Recent Company Highlights

•Strengthened the Company’s balance sheet following receipt of approximately $12.0 million from G42 Investments on February 28, 2023, in satisfaction of the promissory note issued in connection with the common stock purchase agreement entered into between vTv and G42 Investments in 2022. As of March 31, 2023, the Company’s cash and cash equivalents totaled approximately $18.8 million.

•On February 24, 2023, the Company received written confirmation that the FDA is in agreement with its pediatric study plan for the study of TTP399 in T1D patients between 2 and 16 years of age.
First Quarter 2023 Financial Results

•Cash Position: The Company’s cash position as of March 31, 2023, was $18.8 million compared to $12.1 million as of December 31, 2022. The increase is attributed to receipt of the promissory note from G42 Investments on February 28, 2023.

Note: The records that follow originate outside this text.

(* Let $z=(x,\sigma)$ be a complete bounded solution of the hybrid system $\mathcal H=(C,f,D,g)$. For $j\in N$ let $t_{0,j}<t_{1,j}<t_{2,j}<\dots$ denote the successive (ordinary) time instants at which the value of $\sigma_j$ changes along the solution. Then there exists $\tau>0$ such that $t_{\ell+1,j}-t_{\ell,j}\ge\tau$ for all $\ell\ge1$ and all $j\in N$ (for which these instants exist).
   Context: Network model. $(N,E)$ is a connected directed graph with $N=\{1,\dots,|N|\}$, $E\subseteq N\times N$, with arbitrary orientation: if $(i,j)\in E$ then $(j,i)\notin E$. For $j\in N$, "$i:i\to j$" ranges over $i$ with $(i,j)\in E$ and "$k:j\to k$" over $k$ with $(j,k)\in E$. Constants: $M_j>0$, $p^L_j\in\mathbb{R}$ ($j\in N$), $B_{ij}>0$ ($(i,j)\in E$). Continuous state $x=(\eta,\omega,x^s)\in\mathbb{R}^n$ with $\eta_{ij}\in\mathbb{R}$ ($(i,j)\in E$), $\omega_j\in\mathbb{R}$, $x^s_j\in\mathbb{R}^{n_j}$ ($j\in N$), $n=|E|+|N|+\sum_jn_j$; $p_{ij}=B_{ij}\sin\eta_{ij}$, $s_j=g_j(x^s_j,-\omega_j)$, where $f_j:\mathbb{R}^{n_j}\times\mathbb{R}\to\mathbb{R}^{n_j}$, $g_j:\mathbb{R}^{n_j}\times\mathbb{R}\to\mathbb{R}$ are globally Lipschitz. Hysteretic loads as a hybrid system. For each $j$ constants $\overline d_j\ge0$ and thresholds $\omega^1_j>\omega^0_j>0$ are given. ${\rm sgn}(a)=1$ if $a\ge0$ and $-1$ otherwise. The discrete state is $\sigma\in P^{|N|}$, $P=\{-1,0,1\}$, and $z=(x,\sigma)$. Let $\mathcal I_j(\omega_j)=\{{\rm sgn}(\omega_j)\}$ if $|\omega_j|>\omega^1_j$, $\{0\}$ if $|\omega_j|<\omega^0_j$, $\{0,{\rm sgn}(\omega_j)\}$ if $\omega^0_j\le|\omega_j|\le\omega^1_j$; $\Lambda=C=\{z\in\mathbb{R}^n\times P^{|N|}:\sigma_j\in\mathcal I_j(\omega_j)\ \forall j\}$. Flow map $f$ on $C$: $\dot\eta_{ij}=\omega_i-\omega_j$; $M_j\dot\omega_j=-p^L_j+s_j-\overline d_j\sigma_j-\sum_{k:j\to k}p_{jk}+\sum_{i:i\to j}p_{ij}$; $\dot x^s_j=f_j(x^s_j,-\omega_j)$; $\dot\sigma_j=0$. Jump set $D$: the set of $z\in\Lambda$ such that for some $j$, either ($|\omega_j|=\omega^1_j$ and $\sigma_j=0$) or ($|\omega_j|=\omega^0_j$ and $\sigma_j={\rm sgn}(\omega_j)$). Jump map $g$ on $D$: $x^+=x$; $\sigma_j^+={\rm sgn}(\omega_j)$ if $|\omega_j|=\omega^1_j$ and $\sigma_j=0$, $\sigma_j^+=0$ if $|\omega_j|=\omega^0_j$ and $\sigma_j={\rm sgn}(\omega_j)$, $\sigma_j^+=\sigma_j$ otherwise. Hybrid solutions. A hybrid time domain is a subset $K\subseteq\mathbb{R}_{\ge0}\times\mathbb{N}_0$ that is a union of a finite or infinite sequence of sets $[t_\ell,t_{\ell+1}]\times\{\ell\}$ ($0=t_0\le t_1\le\dots$), the last one (if any) possibly of the form $[t_\ell,t_{\ell+1})\times\{\ell\}$ or $[t_\ell,\infty)\times\{\ell\}$. A solution of $\mathcal H$ is a map $z:K\to\mathbb{R}^n\times P^{|N|}$ on a hybrid time domain with $z(0,0)\in C\cup D$, such that for each $\ell$, $t\mapsto z(t,\ell)$ is locally absolutely continuous on $T_\ell=\{t:(t,\ell)\in K\}$, and if $T_\ell$ has nonempty interior then $z(t,\ell)\in C$ for all $t$ in the interior and $\dot z(t,\ell)=f(z(t,\ell))$ for almost all $t\in T_\ell$; and whenever $(t,\ell),(t,\ell+1)\in K$, $z(t,\ell)\in D$ and $z(t,\ell+1)=g(z(t,\ell))$. A solution is complete if $K$ is unbounded, and bounded if its range is bounded. *)

theory Defs
  imports "HOL-Analysis.Analysis"
begin
(* Under the standing assumptions, let $u\in X\setminus\{0\}$, $\zeta\in X^*\setminus\{0\}$ and $\lambda>0$. Then $u$ is a $p$-eigenvector of $J$ with subgradient $\zeta$ and eigenvalue $\lambda$ if and only if $\zeta$ is a $q$-eigenvector of $J^*$ with subgradient $u$ and eigenvalue $\mu=\lambda^{1-q}$.
   Context: Standing assumptions: $X$ is a real reflexive Banach space with dual $X^*$ and duality pairing $\langle\cdot,\cdot\rangle$; $\Gamma_0(X)$ is the class of proper, lower semi-continuous, convex functionals $X\to\mathbb{R}\cup\{+\infty\}$. Fix $1<p<\infty$ and $q=\frac{p}{p-1}$. Let $J\in\Gamma_0(X)$, and let $H\in\Gamma_0(X)$ be absolutely $p$-homogeneous ($H(tu)=|t|^pH(u)$) such that $|u|_H:=(pH(u))^{1/p}$ is a norm on $X$, so $H(u)=\frac1p|u|_H^p$. The dual norm is $|\zeta|_{H^*}=\sup_{u\ne0}\langle\zeta,u\rangle/|u|_H$, and $H^*(\zeta)=\frac1q|\zeta|_{H^*}^q$. The Fenchel conjugate is $J^*(\zeta)=\sup_{u\in X}\langle\zeta,u\rangle-J(u)$ and the subdifferential is $\partial J(u)=\{\zeta\in X^*:\ J(u)+\langle\zeta,v-u\rangle\le J(v)\ \forall v\in X\}$. Growth assumption: there is $c>0$ with $H(u)\le cJ(u)$ for all $u\in X$. The Rayleigh quotient is $R(u)=J(u)/H(u)$ for $u\ne0$ and the dual Rayleigh quotient is $R_*(\zeta)=J^*(\zeta)/H^*(\zeta)$ for $\zeta\ne0$. A $p$-eigenvector of $J$: $u\in X\setminus\{0\}$ with subgradient $\zeta\in\partial J(u)$ and eigenvalue $\lambda=R(u)\in\mathbb{R}$ such that $\zeta\in\lambda\,\partial H(u)$. A $q$-eigenvector of $J^*$: $\zeta\in X^*\setminus\{0\}$ with subgradient $u\in\partial J^*(\zeta)$ and eigenvalue $\mu=R_*(\zeta)\in\mathbb{R}$ such that $u\in\mu\,\partial H^*(\zeta)$. *)

theory Defs
  imports "HOL-Analysis.Analysis"
begin

text \<open>Model: X is a real Banach space (type 'a::banach); its dual X^* is the space of
bounded linear functionals bounded linear maps 'a to real; the pairing is blinfun_apply.\<close>

definition reflexive_space :: "'a::banach itself \<Rightarrow> bool" where
  "reflexive_space _ \<longleftrightarrow>
     (\<forall>\<phi> :: ('a \<Rightarrow>\<^sub>L real) \<Rightarrow>\<^sub>L real. \<exists>x::'a. \<forall>\<zeta>. blinfun_apply \<phi> \<zeta> = blinfun_apply \<zeta> x)"

definition proper_fun :: "('a \<Rightarrow> ereal) \<Rightarrow> bool" where
  "proper_fun F \<longleftrightarrow> (\<forall>x. F x \<noteq> -\<infinity>) \<and> (\<exists>x. F x \<noteq> \<infinity>)"

definition lsc_fun :: "('a::topological_space \<Rightarrow> ereal) \<Rightarrow> bool" where
  "lsc_fun F \<longleftrightarrow> (\<forall>c::ereal. closed {x. F x \<le> c})"

definition convex_fun :: "('a::real_vector \<Rightarrow> ereal) \<Rightarrow> bool" where
  "convex_fun F \<longleftrightarrow> (\<forall>x y. \<forall>t::real. 0 \<le> t \<and> t \<le> 1 \<longrightarrow>
      F ((1 - t) *\<^sub>R x + t *\<^sub>R y) \<le> ereal (1 - t) * F x + ereal t * F y)"

definition Gamma0 :: "('a::real_normed_vector \<Rightarrow> ereal) \<Rightarrow> bool" where
  "Gamma0 F \<longleftrightarrow> proper_fun F \<and> lsc_fun F \<and> convex_fun F"

definition fconj :: "('a::real_normed_vector \<Rightarrow> ereal) \<Rightarrow> ('a \<Rightarrow>\<^sub>L real) \<Rightarrow> ereal" where
  "fconj F \<zeta> = (SUP u. ereal (blinfun_apply \<zeta> u) - F u)"

definition subdiff :: "('a::real_normed_vector \<Rightarrow> ereal) \<Rightarrow> 'a \<Rightarrow> ('a \<Rightarrow>\<^sub>L real) set" where
  "subdiff F u = {\<zeta>. \<forall>v. F u + ereal (blinfun_apply \<zeta> (v - u)) \<le> F v}"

•Research & Development (R&D) Expenses: R&D expenses were $3.9 million and $3.1 million in each of the three months ended March 31, 2023 and 2022, respectively. The increase of $0.8 million is primarily attributable to higher spending on TTP399, due to increases in drug product related costs, an increase in indirect costs and other projects related to the development of TTP399.
•General & Administrative (G&A) Expenses: G&A expenses were $3.5 million and $5.3 million for each of the three months ended March 31, 2023 and 2022, respectively. The decrease of $1.9 million was primarily due to decreases in legal expense and severance expense, partially offset by higher other G&A costs.
•Other Income (Expense): Other income for the three months ended March 31, 2023, was $1.6 million and was driven by an unrealized gain related to our investment in Reneo, offset by losses related to the change in the fair value of the outstanding warrants to purchase shares of our stock issued to related parties and the loss from the early redemption of the G42 promissory note. Other expense for the three months ended March 31, 2022, was

$2.7 million and was related to the unrealized loss recognized related to our investment in Reneo as well as gains related to the change in the fair value of the outstanding warrants held by a related party.
•Net Loss: Net loss attributable to vTv shareholders for the three months ended March 31, 2023, was $4.5 million or $0.06 per basic share. Net loss attributable to vTv shareholders for the comparable period a year ago was $7.0 million or $0.10 per basic share.